# M'Cheyne's 1 Year Bible Reading Plan and the RH KJV Study Bible A Great Combination



## JimmyH (Jan 5, 2015)

I've been starting my mornings, since the first of January, following the M'Cheyne 1 year Bible reading program. This has been very edifying for me. I read the requisite chapters in an old large font KJV text Bible I've had for 30 years, and then go to the RH Study Bible and go over the notes. So in the course of a year I will have read the OT once, the NT and Psalms twice, and all of the notes of the study Bible. 

Though the M'Cheyne plan is in the RH Bible, on pages 2095-2103, I went to this website and had the program printed out. It includes M'Cheyne's preamble to the study, and is an explanation of his calendar, and includes his own admonitions and encouragements. I highly recommend this for a great way to start our spiritual engines in the morning. 

https://cchmb.org/content/plugins/mcheyne-reading-plan/calendar.pdf


----------



## Darryl Le Roux (Jan 5, 2015)

I personally find that reading a chapter a day from four different books is far too "bouncy" for my liking. I prefer something that will have a flow to it. 

Don't strike me down, but my reading plan of choice actually comes from Daystar television in the States (We don't get it here in South Africa thankfully) It was found off of the Bible App. This lets you go through the Old Testament twice a year, and the New Testament four times in a year. It works out to roughly six chapters a day. It is intended to be a six month reading plan, but I would just do it twice in the year. I will then, in the evenings go over any notes needed for passages that require them. 

However, if one can handle the jumping of the M'Cheynes, then I would agree that it is a good way to start the day.


----------



## JimmyH (Jan 5, 2015)

Darryl Le Roux said:


> I personally find that reading a chapter a day from four different books is far too "bouncy" for my liking. I prefer something that will have a flow to it.
> 
> Don't strike me down, but my reading plan of choice actually comes from Daystar television in the States (We don't get it here in South Africa thankfully) It was found off of the Bible App. This lets you go through the Old Testament twice a year, and the New Testament four times in a year. It works out to roughly six chapters a day. It is intended to be a six month reading plan, but I would just do it twice in the year. I will then, in the evenings go over any notes needed for passages that require them.
> 
> However, if one can handle the jumping of the M'Cheynes, then I would agree that it is a good way to start the day.
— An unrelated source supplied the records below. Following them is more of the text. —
(* Let $T$ be a triangle with diameter $h_T$ and inradius $r_T$, $h_T\le\varrho r_T$, let $\Gamma_{h,T}$ be an open line segment with endpoints on $\partial T$ dividing $T$ into two nonempty open parts $T_h^\pm$, and let $\mu^\pm>0$. Let $(\boldsymbol{\phi}^{IFE}_{i,T},\varphi^{IFE}_{i,T})\in\mathbf{V}M_h^{IFE}(T)$, $i=1,\dots,7$, be the IFE basis functions, i.e. $N_{j,T}(\boldsymbol{\phi}^{IFE}_{i,T},\varphi^{IFE}_{i,T})=\delta_{ij}$ for $i,j=1,\dots,7$. Then there is a constant $C>0$ depending only on $\mu^\pm$ and $\varrho$ such that for $m=0,1$: $$|(\boldsymbol{\phi}^{IFE}_{i,T})^\pm|_{W^m_\infty(T)}\le Ch_T^{-m},\quad \|(\varphi^{IFE}_{i,T})^\pm\|_{L^\infty(T)}\le Ch_T^{-1},\quad i=1,\dots,6,$$ $$|(\boldsymbol{\phi}^{IFE}_{7,T})^\pm|_{W^m_\infty(T)}=0,\qquad \|(\varphi^{IFE}_{7,T})^\pm\|_{L^\infty(T)}=1.$$
   Context: $\mathbf{n}_h$ is the unit normal of $\Gamma_{h,T}$ pointing into $T_h^+$. $\sigma(\mu,\mathbf{v},q)=2\mu\boldsymbol{\epsilon}(\mathbf{v})-q\mathbb{I}$, $\boldsymbol{\epsilon}(\mathbf{v})=\frac12(\nabla\mathbf{v}+(\nabla\mathbf{v})^T)$; for polynomials $g^\pm$, $[\![g^\pm]\!]=g^+-g^-$. The local IFE space $\mathbf{V}M_h^{IFE}(T)$ consists of pairs $(\mathbf{v},q)$ with $\mathbf{v}=\mathbf{v}^\pm$, $q=q^\pm$ on $T_h^\pm$, where $\mathbf{v}^\pm\in P_1(T)^2$, $q^\pm\in P_0(T)$ satisfy $[\![\sigma(\mu^\pm,\mathbf{v}^\pm,q^\pm)\mathbf{n}_h]\!]=\mathbf{0}$, $\mathbf{v}^+=\mathbf{v}^-$ on $\Gamma_{h,T}$, $[\![\nabla\cdot\mathbf{v}^\pm]\!]=0$; for such a pair, $(\cdot)^\pm$ denotes the polynomial pieces $\mathbf{v}^\pm$, $q^\pm$ regarded on all of $T$. The degrees of freedom, for edges $e_1,e_2,e_3$ and $\mathbf{v}=(v_1,v_2)^T$, are $N_{i,T}=|e_i|^{-1}\int_{e_i}v_1$, $N_{3+i,T}=|e_i|^{-1}\int_{e_i}v_2$ ($i=1,2,3$), $N_{7,T}=|T|^{-1}\int_Tq$; the pairs in $\mathbf{V}M_h^{IFE}(T)$ are uniquely determined by these values. *)

theory Defs
  imports "HOL-Analysis.Analysis"
begin

text \<open>Points of the plane are real^2; the triangle T with vertices a b c is the closed
  convex hull; edges e1 = [b,c], e2 = [c,a], e3 = [a,b].\<close>

definition tri :: "real^2 \<Rightarrow> real^2 \<Rightarrow> real^2 \<Rightarrow> (real^2) set" where
  "tri a b c = convex hull {a, b, c}"

definition inradius :: "(real^2) set \<Rightarrow> real" where
  "inradius T = Sup {r. \<exists>x. cball x r \<subseteq> T}"

text \<open>Interface: the line {x. n \<bullet> x = d}, with unit normal n pointing into T^+.\<close>
definition Tplus :: "(real^2) set \<Rightarrow> real^2 \<Rightarrow> real \<Rightarrow> (real^2) set" where
  "Tplus T n d = {x \<in> interior T. n \<bullet> x > d}"

definition Tminus :: "(real^2) set \<Rightarrow> real^2 \<Rightarrow> real \<Rightarrow> (real^2) set" where
  "Tminus T n d = {x \<in> interior T. n \<bullet> x < d}"

definition Gamma :: "(real^2) set \<Rightarrow> real^2 \<Rightarrow> real \<Rightarrow> (real^2) set" where
  "Gamma T n d = {x \<in> interior T. n \<bullet> x = d}"

definition pw :: "real^2 \<Rightarrow> real \<Rightarrow> (real^2 \<Rightarrow> 'b) \<Rightarrow> (real^2 \<Rightarrow> 'b) \<Rightarrow> real^2 \<Rightarrow> 'b" where
  "pw n d fp fm x = (if n \<bullet> x > d then fp x else fm x)"

text \<open>The local IFE space: v^\<pm>(x) = A^\<pm> x + b^\<pm> (P1), q^\<pm> constants.
  sigma(mu,v,q) n = (mu (A + A^T) - q I) n; div v = trace A.\<close>
definition is_ife ::
  "real \<Rightarrow> real \<Rightarrow> (real^2) set \<Rightarrow> real^2 \<Rightarrow> real \<Rightarrow>
   real^2^2 \<Rightarrow> real^2 \<Rightarrow> real \<Rightarrow> real^2^2 \<Rightarrow> real^2 \<Rightarrow> real \<Rightarrow> bool" where
  "is_ife mup mum T n d Ap bp qp Am bm qm \<longleftrightarrow>
     (mup *\<^sub>R (Ap + transpose Ap) - qp *\<^sub>R mat 1) *v n
       = (mum *\<^sub>R (Am + transpose Am) - qm *\<^sub>R mat 1) *v n
     \<and> (\<forall>x \<in> Gamma T n d. Ap *v x + bp = Am *v x + bm)
     \<and> trace Ap = trace Am"

text \<open>Edge average |e|^{-1} \<integral>_e f for the edge [p,q].\<close>
definition edge_avg :: "(real^2 \<Rightarrow> real) \<Rightarrow> real^2 \<Rightarrow> real^2 \<Rightarrow> real" where
  "edge_avg f p q = integral {0..1} (\<lambda>t. f (p + t *\<^sub>R (q - p)))"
I anticipated that I might feel the same but it isn't turning out that way. For one thing, I do a lot of additional Bible reading besides, and commentaries &c. I was re-reading a pamphlet, 'Martyn Lloyd-Jones, The Man and His Books,' by his son and daughter. MLJ utilized the M'Cheyne plan for, according to his daughter, "53 or 54 years." That fact makes me even more enthusiastic about the plan.


----------